definition Msup :: "(nat \<Rightarrow> 'a \<Rightarrow> real) \<Rightarrow> real \<Rightarrow> 'a \<Rightarrow> ereal" where
  "Msup X \<mu> \<omega> = (SUP n. ereal (Sdrift X \<mu> n \<omega>))"

definition hit :: "nat \<Rightarrow> (nat \<Rightarrow> bool) \<Rightarrow> enat" where
  "hit a P = (if \<exists>n\<ge>a. P n then enat (LEAST n. a \<le> n \<and> P n) else \<infinity>)"

text \<open>DU s L m j = (D_j, U_j) for the path s (s n = S_n(mu)).
  D_0 = 0; U_0 is an unused dummy value. For D_{j-1} = \<infinity> the infimum is over
  an empty set, so D_j = \<infinity>; likewise U_j = \<infinity> if D_j = \<infinity>.\<close>
fun DU :: "(nat \<Rightarrow> real) \<Rightarrow> real \<Rightarrow> real \<Rightarrow> nat \<Rightarrow> enat \<times> enat" where
  "DU s L m 0 = (0, \<infinity>)"
| "DU s L m (Suc j) =
     (let d = fst (DU s L m j); u = snd (DU s L m j);
          d' = (if j = 0 then hit 0 (\<lambda>n. s n < - L * m)
                else (case d of
                        \<infinity> \<Rightarrow> \<infinity>
                      | enat k \<Rightarrow> hit (max (if u < \<infinity> then the_enat u else 0) k)
                                      (\<lambda>n. s n < s k - L * m)));
          u' = (case d' of \<infinity> \<Rightarrow> \<infinity> | enat k \<Rightarrow> hit k (\<lambda>n. s n - s k > m))
      in (d', u'))"

definition Dtime :: "(nat \<Rightarrow> real) \<Rightarrow> real \<Rightarrow> real \<Rightarrow> nat \<Rightarrow> enat" where
  "Dtime s L m j = fst (DU s L m j)"

definition Utime :: "(nat \<Rightarrow> real) \<Rightarrow> real \<Rightarrow> real \<Rightarrow> nat \<Rightarrow> enat" where
  "Utime s L m j = snd (DU s L m j)"

end

theory Submission
  imports Defs
begin

text \<open>
  The walk S_n(\<mu>) = S_n - n \<mu> drifts linearly to -\<infinity>. A one-sided strong law gives
  S_n(\<mu>) \<le> - n \<mu> / 2 eventually, almost surely: split X_k into a bounded part, handled by
  Hoeffding's inequality and Borel-Cantelli, and a nonnegative part with a finite moment of order
  b > 1, handled by truncation at n, Chebyshev's inequality and Borel-Cantelli along n = 2^j.
  Consequently the walk is bounded above and falls below every level after every time, so all
  D_j are finite and strictly increasing.

  If U_j were finite for all j \<ge> J, the descent times from D_J on would be obtained by repeating
  "rise by more than m, then fall below the previous level minus L m". By the Markov property at the
  fixed values of the previous descent time, K such rises have probability at most q^K, where
  q = P(sup_n S_n(\<mu>) > m). Finally q < 1: the supremum is finite almost surely, so it is at most
  some K with positive probability, and requiring the first steps to be X_k \<le> 0 lowers the
  supremum by \<mu> per step at the cost of a positive factor P(X_1 \<le> 0).
\<close>

lemma hit_eq_enatD:
  assumes "hit a P = enat v"
  shows "a \<le> v" "P v" "\<And>n. a \<le> n \<Longrightarrow> n < v \<Longrightarrow> \<not> P n"
proof -
  have ex: "\<exists>n\<ge>a. P n" and v: "v = (LEAST n. a \<le> n \<and> P n)"
    using assms by (auto simp: hit_def split: if_splits)
  from ex have "a \<le> v \<and> P v" unfolding v by (metis (mono_tags, lifting) LeastI)
  then show "a \<le> v" "P v" by auto
  show "\<And>n. a \<le> n \<Longrightarrow> n < v \<Longrightarrow> \<not> P n" unfolding v using not_less_Least by blast
qed

lemma hit_eq_enatI: "a \<le> n \<Longrightarrow> P n \<Longrightarrow> \<exists>v. hit a P = enat v"
  by (auto simp: hit_def)

lemma hit_cong_upto:
  assumes "hit a P = enat v" and "\<And>n. n \<le> v \<Longrightarrow> P n = Q n"
  shows "hit a Q = enat v"
proof -
  note v = hit_eq_enatD[OF assms(1)]
  have "(LEAST n. a \<le> n \<and> Q n) = v"
    using v assms(2) by (intro Least_equality) (auto, meson leI less_imp_le)
  then show ?thesis using v assms(2) by (auto simp: hit_def)
qed

lemma measurable_hit[measurable]:
  assumes [measurable]: "\<And>n. Measurable.pred N (\<lambda>x. P x n)"
  shows "(\<lambda>x. hit a (P x)) \<in> measurable N (count_space UNIV)"
  unfolding hit_def by measurable

section \<open>The descent times\<close>

lemma Dtime_0: "Dtime s L m 0 = 0"
  by (simp add: Dtime_def)

lemma Dtime_Suc_0: "Dtime s L m (Suc 0) = hit 0 (\<lambda>n. s n < - L * m)"
  by (simp add: Dtime_def Let_def)

lemma Dtime_Suc:
  "j \<noteq> 0 \<Longrightarrow> Dtime s L m (Suc j) = (case Dtime s L m j of \<infinity> \<Rightarrow> \<infinity>
     | enat k \<Rightarrow> hit (max (if Utime s L m j < \<infinity> then the_enat (Utime s L m j) else 0) k)
                     (\<lambda>n. s n < s k - L * m))"
  unfolding Utime_def Dtime_def by (simp only: DU.simps Let_def fst_conv snd_conv if_False)

lemma Utime_Suc:
  "Utime s L m (Suc j) = (case Dtime s L m (Suc j) of \<infinity> \<Rightarrow> \<infinity> | enat k \<Rightarrow> hit k (\<lambda>n. s n - s k > m))"
  unfolding Utime_def Dtime_def by (simp only: DU.simps Let_def fst_conv snd_conv)

lemma Dtime_finite_if_Utime_finite:
  "j \<noteq> 0 \<Longrightarrow> Utime s L m j \<noteq> \<infinity> \<Longrightarrow> \<exists>k. Dtime s L m j = enat k"
  by (cases j; cases "Dtime s L m j") (auto simp: Utime_Suc)

lemma Dtime_Suc_gt:
  assumes s0: "s 0 = 0" and Lm: "L * m > 0" and unbounded_below: "\<And>c a. \<exists>n\<ge>a. s n < c"
  shows "\<exists>k. Dtime s L m (Suc j) = enat k \<and> Dtime s L m j < enat k"
proof (induction j)
  case 0
  obtain v where v: "hit 0 (\<lambda>n. s n < - L * m) = enat v"
    using unbounded_below hit_eq_enatI by (metis le0)
  have "v \<noteq> 0" using hit_eq_enatD(2)[OF v] s0 Lm by (cases v) auto
  then show ?case using v by (auto simp: Dtime_0 Dtime_Suc_0 zero_enat_def)
next
  case (Suc j)
  then obtain k where k: "Dtime s L m (Suc j) = enat k" by auto
  define a where "a = max (if Utime s L m (Suc j) < \<infinity> then the_enat (Utime s L m (Suc j)) else 0) k"
  obtain v where v: "hit a (\<lambda>n. s n < s k - L * m) = enat v"
    using unbounded_below hit_eq_enatI by metis
  have "k \<le> a" by (simp add: a_def)
  then have "k < v" using hit_eq_enatD(1,2)[OF v] Lm by (cases "v = k") auto
  then show ?case using k v by (simp add: Dtime_Suc a_def)
qed

lemma Dtime_finite:
  assumes "s 0 = 0" and "L * m > 0" and "\<And>c a. \<exists>n\<ge>a. s n < c" and "n \<ge> 1"
  shows "Dtime s L m n < \<infinity>"
proof -
  obtain j where "n = Suc j" using \<open>n \<ge> 1\<close> by (cases n) auto
  then show ?thesis using Dtime_Suc_gt[OF assms(1-3), of j] by auto
qed

lemma Dtime_tendsto_infinity:
  assumes "s 0 = 0" and "L * m > 0" and "\<And>c a. \<exists>n\<ge>a. s n < c"
  shows "(\<lambda>n. Dtime s L m n) \<longlonglongrightarrow> \<infinity>"
proof (rule order_tendstoI)
  have ge: "enat n \<le> Dtime s L m n" for n
  proof (induction n)
    case (Suc n)
    then show ?case using Dtime_Suc_gt[OF assms, of n]
      by (metis Suc_ile_eq order_le_less_trans)
  qed (simp add: Dtime_0 zero_enat_def)
  fix a :: enat assume "a < \<infinity>"
  then obtain k where "a = enat k" by (cases a) auto
  then have "\<forall>n\<ge>Suc k. a < Dtime s L m n"
    using ge by (metis Suc_le_eq enat_ord_simps(2) order_less_le_trans)
  then show "\<forall>\<^sub>F n in sequentially. a < Dtime s L m n"
    unfolding eventually_sequentially by blast
qed simp

text \<open>Once U_J, U_{J+1}, ... are all finite, D_{J+1}, D_{J+2}, ... arise from D_J by iterating
  descent_step (lemma Dtime_eq_descent_iter). The value None records that one of its two waits
  never ends.\<close>

definition descent_step :: "(nat \<Rightarrow> real) \<Rightarrow> real \<Rightarrow> real \<Rightarrow> nat \<Rightarrow> nat option" where
  "descent_step s L m d = (case hit d (\<lambda>n. s n - s d > m) of \<infinity> \<Rightarrow> None
     | enat u \<Rightarrow> (case hit u (\<lambda>n. s n < s d - L * m) of \<infinity> \<Rightarrow> None | enat d' \<Rightarrow> Some d'))"

fun descent_iter :: "(nat \<Rightarrow> real) \<Rightarrow> real \<Rightarrow> real \<Rightarrow> nat \<Rightarrow> nat \<Rightarrow> nat option" where
  "descent_iter s L m d 0 = Some d"
| "descent_iter s L m d (Suc i) = Option.bind (descent_iter s L m d i) (descent_step s L m)"

lemma descent_step_SomeE:
  assumes "descent_step s L m d = Some d'"
  obtains u where "hit d (\<lambda>n. s n - s d > m) = enat u" "hit u (\<lambda>n. s n < s d - L * m) = enat d'"
  using assms by (auto simp: descent_step_def split: enat.splits)

lemma descent_step_cong:
  assumes "descent_step s L m d = Some d'" and "\<And>n. n \<le> d' \<Longrightarrow> s n = t n"
  shows "descent_step t L m d = Some d'"
proof -
  obtain u where u: "hit d (\<lambda>n. s n - s d > m) = enat u"
    and d': "hit u (\<lambda>n. s n < s d - L * m) = enat d'"
    using assms(1) by (rule descent_step_SomeE)
  have "d \<le> d'" "u \<le> d'" using hit_eq_enatD(1)[OF u] hit_eq_enatD(1)[OF d'] by simp_all
  then have "hit d (\<lambda>n. t n - t d > m) = enat u" "hit u (\<lambda>n. t n < t d - L * m) = enat d'"
    using assms(2) by (intro hit_cong_upto[OF u] hit_cong_upto[OF d']; simp)+
  then show ?thesis by (simp add: descent_step_def)
qed

lemma descent_iter_cong:
  assumes "descent_iter s L m d i = Some e" and "\<And>n. n \<le> e \<Longrightarrow> s n = t n"
  shows "descent_iter t L m d i = Some e"
  using assms
proof (induction i arbitrary: e)
  case (Suc i)
  then obtain e0 where e0: "descent_iter s L m d i = Some e0" and e: "descent_step s L m e0 = Some e"
    by (auto split: Option.bind_splits)
  have "e0 \<le> e"
    using e by (elim descent_step_SomeE) (metis hit_eq_enatD(1) order_trans)
  then show ?case using Suc.IH[OF e0] Suc.prems(2) descent_step_cong[OF e] by simp
qed simp

lemma Dtime_eq_descent_iter:
  assumes "J \<noteq> 0" and D: "Dtime s L m J = enat d" and U: "\<forall>j\<ge>J. Utime s L m j \<noteq> \<infinity>"
  shows "\<exists>e. Dtime s L m (J + K) = enat e \<and> descent_iter s L m d K = Some e"
proof (induction K)
  case (Suc K)
  then obtain e where e: "Dtime s L m (J + K) = enat e" "descent_iter s L m d K = Some e"
    by auto
  obtain j where j: "J + K = Suc j" using \<open>J \<noteq> 0\<close> by (cases "J + K") auto
  have "Utime s L m (J + K) = hit e (\<lambda>n. s n - s e > m)"
    using e(1) unfolding j Utime_Suc by simp
  moreover obtain u where "Utime s L m (J + K) = enat u"
    using U[rule_format, of "J + K"] by (cases "Utime s L m (J + K)") auto
  ultimately have u: "hit e (\<lambda>n. s n - s e > m) = enat u" "Utime s L m (J + K) = enat u"
    by simp_all
  obtain e' where e': "Dtime s L m (Suc (J + K)) = enat e'"
    using U[rule_format, of "Suc (J + K)"] Dtime_finite_if_Utime_finite[of "Suc (J + K)" s L m]
    by auto
  have "e \<le> u" using hit_eq_enatD(1)[OF u(1)] .
  then have "hit u (\<lambda>n. s n < s e - L * m) = enat e'"
    using e(1) u(2) e' \<open>J \<noteq> 0\<close> Dtime_Suc[of "J + K" s L m] by (simp add: max_def)
  then have "descent_step s L m e = Some e'" using u(1) by (simp add: descent_step_def)
  then show ?case using e e' by auto
qed (use D in simp)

══════

Exercise goal:
Every line of the listing that includes the word "blast" belongs in the answer.

Answer:
  show "\<And>n. a \<le> n \<Longrightarrow> n < v \<Longrightarrow> \<not> P n" unfolding v using not_less_Least by blast
    unfolding eventually_sequentially by blast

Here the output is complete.